Capítulo 2

Los cuadros no eran de ningún modo bellos.

Especial suspicacia le despertaba uno de ellos. Le mareaba del modo en que lo hace el mar. Cuando se inclinaba hasta casi rozar el lienzo, podía ver que las onduladas rayas de color amarillo rojizo se resquebrajaban en una infinidad de surcos diminutos, como heces de camello tostándose al sol. Se sintió tentado de acariciar la grotesca boca abierta del motivo principal del cuadro, pero se abstuvo. La pintura ya había sufrido bastantes daños durante su traslado. La barandilla a la derecha de la aterrada figura extendía sus arrugas por la habitación, con unos tristes flecos en la punta del lienzo.

Conseguir que alguien reparara el burdo desgarro estaba descartado. Eso requeriría a un experto. Si las famosas pinturas se encontraban en esos momentos en uno de los palacios más modestos de Abdallah al-Rahman, situado a las afueras de Riad, se debía ante todo a que el hombre siempre, y en la medida de lo posible, procuraba evitar a los expertos. Apostaba por la llana artesanía. No le veía sentido a usar una sierra eléctrica cuando un cuchillo podía resolver perfectamente la situación. En el traslado hasta Arabia Saudí desde un museo carente de medidas de seguridad, situado en la capital de Noruega, las pinturas fueron manejadas por delincuentes menores que no tenían la menor idea de quién era él y que era probable que acabaran en las cárceles de sus respectivos países de origen sin ser nunca capaces de decir algo sensato sobre dónde habían acabado los cuadros.
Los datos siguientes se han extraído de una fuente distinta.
(* Let $\eta>0$, $L>0$, and for each $t$ let $\widehat\varphi_t$ be a convex function with $C\subset\operatorname{dom}\partial\widehat\varphi_t$ whose subdifferential is $L$-Lipschitz on $C$, i.e. $\|g-h\|\le L\|x-y\|$ for all $x,y\in C$, $g\in\partial\widehat\varphi_t(x)$, $h\in\partial\widehat\varphi_t(y)$. Run OGP: $\widetilde{x}_{t+1}=P_C(\widetilde{x}_t-\eta x_t^* )$ with $x_t^*\in\partial\varphi_t(x_t)$, $x_{t+1}=P_C(\widetilde{x}_{t+1}-\eta\widehat{x}_{t+1}^* )$, $\widetilde x_1\in C$, with predictions $\widehat{x}_t^*\in\partial\widehat\varphi_t(\widetilde{x}_t)$. Then for every $T\ge1$ and every $z_1,\dots,z_T\in C$, with $P_T=\sum_{t=2}^T\|z_t-z_{t-1}\|$, $$\sum_{t=1}^T\varphi_t(x_t)-\varphi_t(z_t)\le \frac{\rho(\rho+2P_T)}{2\eta}+\eta\sum_{t=1}^T\Big(\sup_{x\in C,\ g\in\partial\varphi_t(x),\ \widehat g\in\partial\widehat\varphi_t(x)}\|g-\widehat g\|^2+\mathbf 1\{\eta>\tfrac{1}{\sqrt2 L}\}\,L^2\|x_t-\widetilde{x}_t\|^2\Big).$$
   Context: $H$ is a real Hilbert space; $C\subset H$ is nonempty, closed, convex with diameter $\rho=\sup_{x,y\in C}\|x-y\|<\infty$; $P_C$ is the metric projection onto $C$; each loss $\varphi_t$ is convex with $C\subset\operatorname{dom}\partial\varphi_t$; $\mathbf 1\{\cdot\}$ is the zero-one indicator. *)

theory Defs
  imports "HOL-Analysis.Analysis"
begin

definition ereal_convex :: "('a::real_vector \<Rightarrow> ereal) \<Rightarrow> bool" where
  "ereal_convex f \<longleftrightarrow> convex {(x, r::real). f x \<le> ereal r}"

definition subdiff :: "('a::real_inner \<Rightarrow> ereal) \<Rightarrow> 'a \<Rightarrow> 'a set" where
  "subdiff f x = {g. f x \<noteq> \<infinity> \<and> f x \<noteq> -\<infinity> \<and>
       (\<forall>y. f y \<ge> f x + ereal (g \<bullet> (y - x)))}"

definition dom_subdiff :: "('a::real_inner \<Rightarrow> ereal) \<Rightarrow> 'a set" where
  "dom_subdiff f = {x. subdiff f x \<noteq> {}}"

definition metric_proj :: "'a::real_inner set \<Rightarrow> 'a \<Rightarrow> 'a" where
  "metric_proj C y = (THE p. p \<in> C \<and> (\<forall>z\<in>C. norm (y - p) \<le> norm (y - z)))"

end

theory Submission
  imports Defs
begin

text \<open>
  Each round, the projection inequalities defining the two iterates, rewritten with the
  three-point identity, bound the linearised regret \<open>xs t \<bullet> (x t - z)\<close> by
  \<open>(\<parallel>xt t - z\<parallel>\<^sup>2 - \<parallel>xt (t + 1) - z\<parallel>\<^sup>2) / (2\<eta>)\<close>, plus \<open>\<eta>\<close> times the squared error of
  the predicted gradient, minus \<open>\<parallel>x t - xt t\<parallel>\<^sup>2 / 2\<close>. Measuring the prediction error against a
  subgradient of \<open>\<phi>h t\<close> at \<open>x t\<close> instead of at \<open>xt t\<close> costs an extra
  \<open>L\<^sup>2 \<parallel>x t - xt t\<parallel>\<^sup>2\<close>, which the negative term absorbs as soon as \<open>2 \<eta>\<^sup>2 L\<^sup>2 \<le> 1\<close>.
  Summed over the rounds the squared distances telescope, except where the comparator moves,
  and a move from \<open>z (t - 1)\<close> to \<open>z t\<close> costs at most \<open>2\<rho> \<parallel>z t - z (t - 1)\<parallel>\<close>.
\<close>

lemma parallelogram_law:
  fixes a b :: "'a::real_inner"
  shows "(norm (a - b))\<^sup>2 + (norm (a + b))\<^sup>2 = 2 * (norm a)\<^sup>2 + 2 * (norm b)\<^sup>2"
  by (simp add: power2_norm_eq_inner inner_add inner_diff inner_commute algebra_simps)

lemma power2_norm_add_le:
  fixes a b :: "'a::real_inner"
  shows "(norm (a + b))\<^sup>2 \<le> 2 * (norm a)\<^sup>2 + 2 * (norm b)\<^sup>2"
  using parallelogram_law[of a b] zero_le_power2[of "norm (a - b)"] by linarith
A Abdallah al-Rahman le gustaba más la figura de la mujer, aunque también en ella había algo que le producía rechazo. A pesar de haber pasado más de dieciséis años en Occidente, diez de los cuales transcurrieron en prestigiosas escuelas de Inglaterra y de Estados Unidos, aún seguían chocándole los pechos descubiertos y la vulgaridad con que se ofrecía la mujer; indiferente e intensa al mismo tiempo.

Se volvió hacia otro lado. Iba descalzo y desnudo, a excepción de unos amplios pantalones cortos, blancos como la nieve. Volvió a subirse a la cinta de correr, agarró un mando a distancia y aceleró la cinta. De los altavoces que rodeaban la colosal pantalla de televisión en la pared opuesta salía un sonido: «… protect and defend the Constitution of the United States».

Era difícil de comprender. Cuando Helen Lardahl Bentley no era más que senadora, ya le impresionaba la valentía de aquella mujer. Después de licenciarse como la número tres de su promoción en la prestigiosa Vassår, Helen Lardahl, miope y rellenita, avanzó como un torrente hacia un doctorado en Harvard. Antes de cumplir los cuarenta estaba bien casada y era socia del séptimo mayor bufete de abogados de Estados Unidos, cosa que por sí misma dejaba clara su extraordinaria eficiencia y revelaba una buena dosis de cinismo y perspicacia. Además se había vuelto delgada y rubia, y ya no llevaba gafas. Muy lista, también en eso.

Sin embargo, presentarse como candidata a la presidencia era pura hybris.

Ahora la habían elegido, bendecido e investido.

Abdallah al-Rahman sonrió cuando, presionando una tecla, incrementó la velocidad de la cinta. La piel endurecida de las plantas de sus pies ardía contra la cinta de goma. Luego aumentó una vez más la velocidad, hasta rozar su propio límite del dolor.

It’s unbelievable —jadeó en su fluido inglés, con la certeza de que nadie en todo el mundo podría oírlo a través de aquellas paredes de varios metros de grosor y de la puerta con triple aislamiento—. She actually thinks she got away with it!